Войдя в сад, Леонард пошатнулся и оперся об автомобиль, который оказался рядом. Потом, обнаружив, что дверь открыта, вошел внутрь. Да, все будет очень просто. Слева из комнаты до него донеслись голоса, один из которых принадлежал Маргарет. Кто-то громко произнес его имя, и человек, которого он никогда раньше не видел, спросил:
— Ах, так он здесь? Неудивительно. Сейчас я устрою ему хорошую взбучку.
— Миссис Уилкокс, — сказал Леонард, — я совершил грех.
Человек схватил Леонарда за шиворот.
— Дайте мне палку! — потребовал он.
Послышался женский визг. Палка, очень яркая, опустилась на Леонарда. Он почувствовал боль, но не в том месте, куда пришелся удар, а в сердце. С полки на него посыпались книги. Больше ничто не имело смысла.
— Принесите воды, — приказал Чарльз, который все это время держался очень спокойно. — Он притворяется. Конечно, я ударил плашмя. Вынесите его на воздух.
Думая, что Чарльз разбирается в таких делах, Маргарет повиновалась. Они положили мертвого Леонарда на гравий. Хелен стала лить на него воду.

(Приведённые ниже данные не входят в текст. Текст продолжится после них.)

lemma card_words: "card (words n :: 'a::finite list set) = CARD('a) ^ n"
  using card_lists_length_eq[of "UNIV :: 'a set" n] by (simp add: words_def)

lemma words_nonempty: "words n \<noteq> {}"
  using mem_words_iff[of "replicate n undefined" n] by (metis empty_iff length_replicate)

lemma disjoint_family_on_cylinder: "disjoint_family_on cylinder (words n)"
  unfolding disjoint_family_on_def
  by (auto simp: mem_cylinder_iff_initial_word)

lemma UN_words_cylinder: "(\<Union>w\<in>words n. cylinder w) = UNIV"
  by (auto intro!: UN_I[of "initial_word n x" for x] simp: cylinder_initial_word)

lemma (in finite_measure) sum_measure_Int_partition:
  assumes "finite I" "B ` I \<subseteq> sets M" "disjoint_family_on B I" "(\<Union>i\<in>I. B i) = space M"
    and "A \<in> sets M"
  shows "(\<Sum>i\<in>I. measure M (A \<inter> B i)) = measure M A"
proof -
  have "(\<Sum>i\<in>I. measure M (A \<inter> B i)) = measure M (\<Union>i\<in>I. A \<inter> B i)"
    using assms by (intro finite_measure_finite_Union[symmetric]) (auto simp: disjoint_family_on_def)
  also have "(\<Union>i\<in>I. A \<inter> B i) = A" using assms(4,5) sets.sets_into_space by auto
  finally show ?thesis .
qed

lemma sum_measure_Int_cylinders:
  fixes \<rho> :: "(nat \<Rightarrow> 'a::{finite,discrete_topology}) measure"
  assumes "borel_prob \<rho>" "A \<in> sets borel"
  shows "(\<Sum>w\<in>words n. measure \<rho> (A \<inter> cylinder w)) = measure \<rho> A"
proof -
  interpret prob_space \<rho> using borel_probD[OF assms(1)] by simp
  show ?thesis
    using assms borel_probD[OF assms(1)]
    by (intro sum_measure_Int_partition disjoint_family_on_cylinder) (auto simp: UN_words_cylinder)
qed

lemma sum_measure_cylinders:
  fixes \<rho> :: "(nat \<Rightarrow> 'a::{finite,discrete_topology}) measure"
  assumes "borel_prob \<rho>"
  shows "(\<Sum>w\<in>words n. measure \<rho> (cylinder w)) = 1"
proof -
  interpret prob_space \<rho> using borel_probD[OF assms] by simp
  show ?thesis
    using sum_measure_Int_cylinders[OF assms, of UNIV n] prob_space borel_probD(3)[OF assms] by simp
qed

lemma initial_word_eq_sum_indicator:
  fixes g :: "'a::finite list \<Rightarrow> real"
  shows "g (initial_word n x) = (\<Sum>w\<in>words n. g w * indicator (cylinder w) x)"
proof -
  have "(\<Sum>w\<in>words n. g w * indicator (cylinder w) x) = (\<Sum>w\<in>words n. if w = initial_word n x then g w else 0)"
    by (intro sum.cong refl) (auto simp: mem_cylinder_iff_initial_word)
  also have "\<dots> = g (initial_word n x)" by (simp add: sum.delta)
  finally show ?thesis by simp
qed

lemma
  fixes \<rho> :: "(nat \<Rightarrow> 'a::{finite,discrete_topology}) measure" and g :: "'a list \<Rightarrow> real"
  assumes "borel_prob \<rho>"
  shows integrable_initial_word: "integrable \<rho> (\<lambda>x. g (initial_word n x))"
    and integral_initial_word:
      "integral\<^sup>L \<rho> (\<lambda>x. g (initial_word n x)) = (\<Sum>w\<in>words n. g w * measure \<rho> (cylinder w))"
proof -
  interpret prob_space \<rho> using borel_probD[OF assms] by simp
  have int: "integrable \<rho> (\<lambda>x. g w * indicator (cylinder w) x)" for w
    using borel_probD(2)[OF assms]
    by (intro integrable_mult_right integrable_real_indicator) (auto simp: less_top[symmetric])
  show "integrable \<rho> (\<lambda>x. g (initial_word n x))"
    unfolding initial_word_eq_sum_indicator[of g] by (intro Bochner_Integration.integrable_sum int)
  have "integral\<^sup>L \<rho> (\<lambda>x. \<Sum>w\<in>words n. g w * indicator (cylinder w) x)
      = (\<Sum>w\<in>words n. integral\<^sup>L \<rho> (\<lambda>x. g w * indicator (cylinder w) x))"
    by (rule Bochner_Integration.integral_sum) (rule int)
  then show "integral\<^sup>L \<rho> (\<lambda>x. g (initial_word n x)) = (\<Sum>w\<in>words n. g w * measure \<rho> (cylinder w))"
    unfolding initial_word_eq_sum_indicator[of g]
    using borel_probD(3)[OF assms] by (simp add: Bochner_Integration.integral_indicator)
qed

subsection \<open>The shift\<close>

lemma funpow_shift: "shift ^^ k = (\<lambda>x j. x (k + j))"
  by (induction k) (auto simp: shift_def)

lemma continuous_on_funpow_shift: "continuous_on UNIV (shift ^^ k :: (nat \<Rightarrow> 'a::topological_space) \<Rightarrow> _)"
  unfolding funpow_shift by (intro continuous_on_coordinatewise_then_product) simp

lemma measurable_funpow_shift [measurable]: "shift ^^ k \<in> borel_measurable borel"
  by (rule borel_measurable_continuous_onI[OF continuous_on_funpow_shift])

lemma sets_vimage_funpow_shift: "A \<in> sets borel \<Longrightarrow> (shift ^^ k) -` A \<in> sets borel"
  by (rule measurable_sets_borel[OF measurable_funpow_shift])

lemma continuous_on_shift: "continuous_on UNIV (shift :: (nat \<Rightarrow> 'a::topological_space) \<Rightarrow> _)"
  using continuous_on_funpow_shift[of 1] by simp

lemma borel_measurable_shift [measurable]: "shift \<in> borel_measurable borel"
  using measurable_funpow_shift[of 1] by simp

lemma periodic_pt_rotate:
  assumes "w \<noteq> []"
  shows "periodic_pt (rotate k w) = (shift ^^ k) (periodic_pt w)"
proof
  fix j
  have "rotate k w ! (j mod length w) = w ! ((k + j mod length w) mod length w)"
    using assms by (simp add: nth_rotate)
  also have "(k + j mod length w) mod length w = (k + j) mod length w"
    by (simp add: mod_add_right_eq)
  finally show "periodic_pt (rotate k w) j = (shift ^^ k) (periodic_pt w) j"
    by (simp add: periodic_pt_def funpow_shift)
qed

lemma cylinder_append: "cylinder (u @ v) = cylinder u \<inter> (shift ^^ length u) -` cylinder v"
proof -
  have "(\<forall>i<length u + length v. x i = (u @ v) ! i)
      \<longleftrightarrow> (\<forall>i<length u. x i = u ! i) \<and> (\<forall>j<length v. x (length u + j) = v ! j)" for x
  proof safe
    fix i assume "\<forall>i<length u. x i = u ! i" "\<forall>j<length v. x (length u + j) = v ! j"
      "i < length u + length v"
    then show "x i = (u @ v) ! i"
      by (cases "i < length u") (auto simp: nth_append dest: spec[of _ "i - length u"])
  qed (auto simp: nth_append dest: spec[of _ "length u + _"])
  then show ?thesis by (auto simp: cylinder_def funpow_shift)
qed

lemma invariant_measuresD:
  assumes "\<rho> \<in> invariant_measures"
  shows "borel_prob \<rho>" "distr \<rho> borel shift = \<rho>"
  using assms by (auto simp: invariant_measures_def)

lemma distr_funpow_shift_invariant:
  assumes "\<rho> \<in> invariant_measures"
  shows "distr \<rho> borel (shift ^^ k) = \<rho>"
proof (induction k)
  case 0
  show ?case using borel_probD(2,3)[OF invariant_measuresD(1)[OF assms]]
    by (simp add: distr_id2)
next
  case (Suc k)
  have meas: "shift \<in> measurable \<rho> borel" "shift ^^ k \<in> measurable borel borel"
    using borel_probD(2)[OF invariant_measuresD(1)[OF assms]] by (auto cong: measurable_cong_sets)
  have "distr \<rho> borel (shift ^^ Suc k) = distr \<rho> borel ((shift ^^ k) \<circ> shift)"
    by (simp only: funpow_Suc_right)
  also have "\<dots> = distr (distr \<rho> borel shift) borel (shift ^^ k)"
    by (rule distr_distr[OF meas(2,1), symmetric])
  finally show ?case by (simp only: invariant_measuresD(2)[OF assms] Suc)
qed

lemma measure_funpow_shift_vimage:
  assumes "\<rho> \<in> invariant_measures" "A \<in> sets borel"
  shows "measure \<rho> ((shift ^^ k) -` A) = measure \<rho> A"
proof -
  have "measure \<rho> ((shift ^^ k) -` A) = measure (distr \<rho> borel (shift ^^ k)) A"
    using assms borel_probD(2,3)[OF invariant_measuresD(1)[OF assms(1)]]
    by (subst measure_distr) (auto cong: measurable_cong_sets)
  then show ?thesis by (simp add: distr_funpow_shift_invariant[OF assms(1)])
qed

lemma integral_funpow_shift:
  fixes f :: "(nat \<Rightarrow> 'a::topological_space) \<Rightarrow> real"
  assumes "\<rho> \<in> invariant_measures" "f \<in> borel_measurable borel"
  shows "integral\<^sup>L \<rho> (\<lambda>x. f ((shift ^^ k) x)) = integral\<^sup>L \<rho> f"
proof -
  have "integral\<^sup>L \<rho> (\<lambda>x. f ((shift ^^ k) x)) = integral\<^sup>L (distr \<rho> borel (shift ^^ k)) f"
    using assms borel_probD(2)[OF invariant_measuresD(1)[OF assms(1)]]
    by (subst integral_distr) (auto cong: measurable_cong_sets)
  then show ?thesis by (simp add: distr_funpow_shift_invariant[OF assms(1)])
qed

subsection \<open>Entropy\<close>

lemma gibbs_inequality:
  fixes p q :: "'b \<Rightarrow> real"
  assumes "finite S" "\<And>s. s \<in> S \<Longrightarrow> 0 \<le> p s" "sum p S = 1"
    "\<And>s. s \<in> S \<Longrightarrow> 0 \<le> q s" "sum q S \<le> 1" "\<And>s. s \<in> S \<Longrightarrow> p s > 0 \<Longrightarrow> q s > 0"
  shows "- (\<Sum>s\<in>S. p s * ln (p s)) \<le> - (\<Sum>s\<in>S. p s * ln (q s))"
proof -
  have "p s * ln (q s) - p s * ln (p s) \<le> q s - p s" if s: "s \<in> S" for s
  proof (cases "p s = 0")
    case False
    then have ps: "p s > 0" using assms(2)[OF s] by simp
    then have qs: "q s > 0" using assms(6)[OF s] by simp
    have "p s * ln (q s / p s) \<le> p s * (q s / p s - 1)"
      using ps qs by (intro mult_left_mono ln_le_minus_one) auto
    also have "p s * (q s / p s - 1) = q s - p s" using ps by (simp add: field_simps)
    also have "ln (q s / p s) = ln (q s) - ln (p s)" using ps qs by (simp add: ln_div)
    finally show ?thesis by (simp add: algebra_simps)
  qed (use assms(4)[OF s] in simp)
  then have "(\<Sum>s\<in>S. p s * ln (q s) - p s * ln (p s)) \<le> (\<Sum>s\<in>S. q s - p s)"
    by (rule sum_mono)
  then show ?thesis using assms(3,5) by (simp add: sum_subtractf)
qed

— Достаточно, — сказал Чарльз.
— Да, убийства вполне достаточно, — сказала мисс Эйвери, выйдя из дома с саблей в руке.
42
Покинув Дьюси-стрит, Чарльз на первом же поезде уехал домой, но до позднего вечера не имел даже отдаленного представления о последних событиях. Отец, отужинавший в одиночестве, послал за ним и мрачным голосом поинтересовался, не знает ли он, где Маргарет.
— Не знаю, родитель, — ответил Чарльз. — Долли почти час ждала ее к обеду.
— Сообщи мне, когда она вернется.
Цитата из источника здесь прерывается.